A National traceability Summit was held in April 2022, where stakeholders shared ideas on improving traceability. The National Traceability Summit identified several challenges that technology could help solve. Two of these included:
There is still a data gap regarding traceability across supply chains. A growing number of consumers are interested in learning about the food they eat and how it is produced. Technology that allows transparency and information sharing across supply chains can reduce data traceability issues. As an exporter, you may need to share information with various document-approving authorities and supply chain parties such as warehouses, shipping lines, and banks. You can easily share information using export software that allows faster distribution of the information with stakeholders.
Traceability regulation should be easy to comply with, thereby saving the cost of traceability requirements, such as information sharing and audit requirements. The use of technology can make it easier for producers to generate, capture, and transfer traceability information. At the same time, exporters can meet importing countries’ requirements and react fast to trade restrictions. Businesses could save $225-325 million annually when harmonising traceability frameworks and regulatory technology. Such harmony would also help reduce the costs of biosecurity incursions by between $15 million and $17 million over ten years.

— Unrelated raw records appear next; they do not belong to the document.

definition value_cdf :: "real \<Rightarrow> real \<Rightarrow> (real \<Rightarrow> real) \<Rightarrow> bool" where
  "value_cdf vlo vhi F0 \<longleftrightarrow>
     vlo < vhi \<and>
     (\<forall>v. v \<le> vlo \<longrightarrow> F0 v = 0) \<and>
     (\<forall>v. vhi \<le> v \<longrightarrow> F0 v = 1) \<and>
     (\<exists>f0. continuous_on {vlo..vhi} f0 \<and>
        (\<forall>v\<in>{vlo..vhi}. 0 < f0 v \<and> (F0 has_real_derivative f0 v) (at v within {vlo..vhi})))"

text \<open>Ambiguity distortion D(gamma) = F*(F0^{-1}(gamma)) on [0,1].\<close>
definition distortion :: "(real \<Rightarrow> real) \<Rightarrow> bool" where
  "distortion D \<longleftrightarrow>
     strict_mono_on {0..1} D \<and> D 0 = 0 \<and> D 1 = 1 \<and>
     (\<forall>\<gamma>\<in>{0..1}. D \<gamma> \<le> \<gamma>) \<and>
     (\<exists>d. continuous_on {0..1} d \<and>
        (\<forall>\<gamma>\<in>{0..1}. (D has_real_derivative d \<gamma>) (at \<gamma> within {0..1})) \<and> 0 < d 0)"

definition model_structure :: "real \<Rightarrow> real \<Rightarrow> (real \<Rightarrow> real) \<Rightarrow> (real \<Rightarrow> real) \<Rightarrow> real \<Rightarrow> bool" where
  "model_structure vlo vhi F0 D \<theta> \<longleftrightarrow> value_cdf vlo vhi F0 \<and> distortion D \<and> 0 \<le> \<theta> \<and> \<theta> < 1"

definition equilibrium ::
  "real \<Rightarrow> real \<Rightarrow> (real \<Rightarrow> real) \<Rightarrow> (real \<Rightarrow> real) \<Rightarrow> real \<Rightarrow> nat \<Rightarrow> (real \<Rightarrow> real) \<Rightarrow> bool" where
  "equilibrium vlo vhi F0 D \<theta> n \<beta> \<longleftrightarrow>
     strict_mono_on {vlo..vhi} \<beta> \<and>
     (\<forall>v\<in>{vlo..vhi}. \<beta> differentiable (at v within {vlo..vhi})) \<and>
     (\<forall>v\<in>{vlo..vhi}. \<forall>x\<in>{vlo..vhi}.
        crra \<theta> (v - \<beta> x) * (D (F0 x)) ^ (n - 1) \<le> crra \<theta> (v - \<beta> v) * (D (F0 v)) ^ (n - 1))"

definition bid_cdf :: "real \<Rightarrow> real \<Rightarrow> (real \<Rightarrow> real) \<Rightarrow> (real \<Rightarrow> real) \<Rightarrow> real \<Rightarrow> real" where
  "bid_cdf vlo vhi F0 \<beta> b = measure (interval_measure F0) {v \<in> {vlo..vhi}. \<beta> v \<le> b}"

end

theory Submission
  imports Defs
begin

(*
  Write V = F0^-1 for the value quantile and B_n(t) = beta_n(V t) for the bid quantile; G(.|n)
  determines B_n on (0,1). Differentiating the payoff of a bidder of type V t who mimics type
  V s at s = t gives the first-order condition

    (1 - theta) D(t) B_n'(t) = (n - 1) (V t - B_n t) D'(t).

  The factor (1 - theta) D/D' does not depend on n, so the conditions for n1 and n2 are two
  linear equations in (V t, (1 - theta) D t / D' t), uniquely solvable whenever B_n1 t <> B_n2 t.
  Such points with D' t > 0 are dense, hence V, and with it F0, is identified. The first-order
  condition then identifies (1 - theta) D/D'; since D t / t -> D'(0) > 0, letting t -> 0
  identifies theta, after which D'/D is identified and D(1) = 1 pins down D.
*)

lemma quantile_point_unique:
  fixes G :: "real \<Rightarrow> real"
  assumes "\<And>b. b < q \<Longrightarrow> G b < t" and "\<And>b. q < b \<Longrightarrow> t < G b"
    and "\<And>b. b < q' \<Longrightarrow> G b < t" and "\<And>b. q' < b \<Longrightarrow> t < G b"
  shows "q = q'"
proof (rule ccontr)
  assume "q \<noteq> q'"
  then consider "q < q'" | "q' < q" by linarith
  then show False
  proof cases
    case 1
    then have "t < G ((q + q') / 2)" "G ((q + q') / 2) < t" using assms(2,3) by auto
    then show False by simp
  next
    case 2
    then have "t < G ((q + q') / 2)" "G ((q + q') / 2) < t" using assms(1,4) by auto
    then show False by simp
  qed
qed
lemma EE_abc_decomposition:
  assumes "EE_abc n P" "k < n"
  obtains A B C T S where
    "A \<in> carrier_mat n n" "B \<in> carrier_mat n n" "C \<in> carrier_mat n n"
    "T \<in> carrier_mat n n" "S \<in> carrier_mat n n"
    "det A \<noteq> 0" "det B \<noteq> 0" "det C \<noteq> 0" "transpose_mat S = S"
    "marg1 n P = transpose_mat B * T * C" "marg2 n P = transpose_mat A * T * C"
    "slice3 n P k = transpose_mat A * S * B"
proof -
  obtain M1 M2 M3 Pt where M: "markov_mat n M1" "markov_mat n M2" "markov_mat n M3"
    and dM: "det M1 \<noteq> 0" "det M2 \<noteq> 0" "det M3 \<noteq> 0" and UE: "UE_abc n Pt"
    and Pt: "\<forall>i<n. \<forall>j<n. \<forall>k<n. act_all n P M1 M2 M3 i j k = Pt i j k"
    using assms(1) unfolding EE_abc_def by blast
  have Mc: "M1 \<in> carrier_mat n n" "M2 \<in> carrier_mat n n" "M3 \<in> carrier_mat n n"
    using M unfolding markov_mat_def by auto
  obtain A B C where A: "A \<in> carrier_mat n n" "M1 * A = 1\<^sub>m n" "det A \<noteq> 0"
    and B: "B \<in> carrier_mat n n" "M2 * B = 1\<^sub>m n" "det B \<noteq> 0"
    and C: "C \<in> carrier_mat n n" "M3 * C = 1\<^sub>m n" "det C \<noteq> 0"
    using det_non_zero_right_inverse Mc dM by metis
  have exch: "\<forall>i<n. \<forall>j<n. \<forall>k<n. Pt i j k = Pt j i k"
    using UE unfolding UE_abc_def by auto
  define T where "T = marg1 n Pt"
  define S where "S = slice3 n (act3 n Pt C) k"
  have T: "T \<in> carrier_mat n n" and S: "S \<in> carrier_mat n n"
    unfolding T_def S_def marg1_def slice3_def by auto
  have "T = transpose_mat M2 * marg1 n P * M3"
    unfolding T_def cube_agreement_cong(1)[OF Pt, symmetric] using M Mc by (simp add: marg1_act_all)
  then have marg1: "marg1 n P = transpose_mat B * T * C"
    using A B C Mc by (simp add: transpose_mult_cancel_right_inverses marg1_def)
  have "T = transpose_mat M1 * marg2 n P * M3"
    unfolding T_def exchangeable_marg2_eq_marg1[OF exch, symmetric]
      cube_agreement_cong(2)[OF Pt, symmetric] using M Mc by (simp add: marg2_act_all)
  then have marg2: "marg2 n P = transpose_mat A * T * C"
    using A B C Mc by (simp add: transpose_mult_cancel_right_inverses marg2_def)
  have "S = transpose_mat M1 * slice3 n P k * M2"
    unfolding S_def cube_agreement_cong(3)[OF Pt, symmetric]
    using Mc C assms(2) by (simp add: slice3_act3_act_all)
  then have slice: "slice3 n P k = transpose_mat A * S * B"
    using A B Mc by (simp add: transpose_mult_cancel_right_inverses slice3_def)
  have "transpose_mat S = S"
    unfolding S_def by (rule exchangeable_slice3_symmetric[OF exch])
  from that[OF A(1) B(1) C(1) T S A(3) B(3) C(3) this marg1 marg2 slice] show ?thesis .
qed

theorem proposition6p1:
  fixes \<kappa> :: nat and P :: tensor3 and k :: nat
  assumes "\<kappa> \<ge> 2" and "EE_abc \<kappa> P" and "k < \<kappa>"
  shows "transpose_mat (marg1 \<kappa> P * transpose_mat (Cof (marg2 \<kappa> P)) * slice3 \<kappa> P k)
           = marg1 \<kappa> P * transpose_mat (Cof (marg2 \<kappa> P)) * slice3 \<kappa> P k
       \<and> transpose_mat (slice3 \<kappa> P k * Cof (marg1 \<kappa> P) * transpose_mat (marg2 \<kappa> P))
           = slice3 \<kappa> P k * Cof (marg1 \<kappa> P) * transpose_mat (marg2 \<kappa> P)"
proof -
  obtain A B C T S where "A \<in> carrier_mat \<kappa> \<kappa>" "B \<in> carrier_mat \<kappa> \<kappa>" "C \<in> carrier_mat \<kappa> \<kappa>"
      "T \<in> carrier_mat \<kappa> \<kappa>" "S \<in> carrier_mat \<kappa> \<kappa>" "det A \<noteq> 0" "det B \<noteq> 0" "det C \<noteq> 0"
      "transpose_mat S = S" "marg1 \<kappa> P = transpose_mat B * T * C"
      "marg2 \<kappa> P = transpose_mat A * T * C" "slice3 \<kappa> P k = transpose_mat A * S * B"
    by (rule EE_abc_decomposition[OF assms(2,3)])
  from Cof_sandwich_products_symmetric[OF this] show ?thesis ..
qed

end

When exporting products, you need proper traceability systems to check product safety, quality, and authenticity and ensure you meet market access requirements for importing countries. Traceability systems should especially be effective when dealing with the export of high-risk, high-value products such as dairy, meat, agribusiness and grains, and horticulture.
Ever-evolving technology is increasing expectations for supply chains to provide complete, accurate, and timely information. Export Management Software that includes Export documentation software capabilities can help you easily manage your export compliance and documentation and avoid data integrity issues, human error, loss of time, and extra costs; thereby increasing your profits. Savings made by using export management software and technology for traceability can help you invest in the growth of your export business and increase your international reach.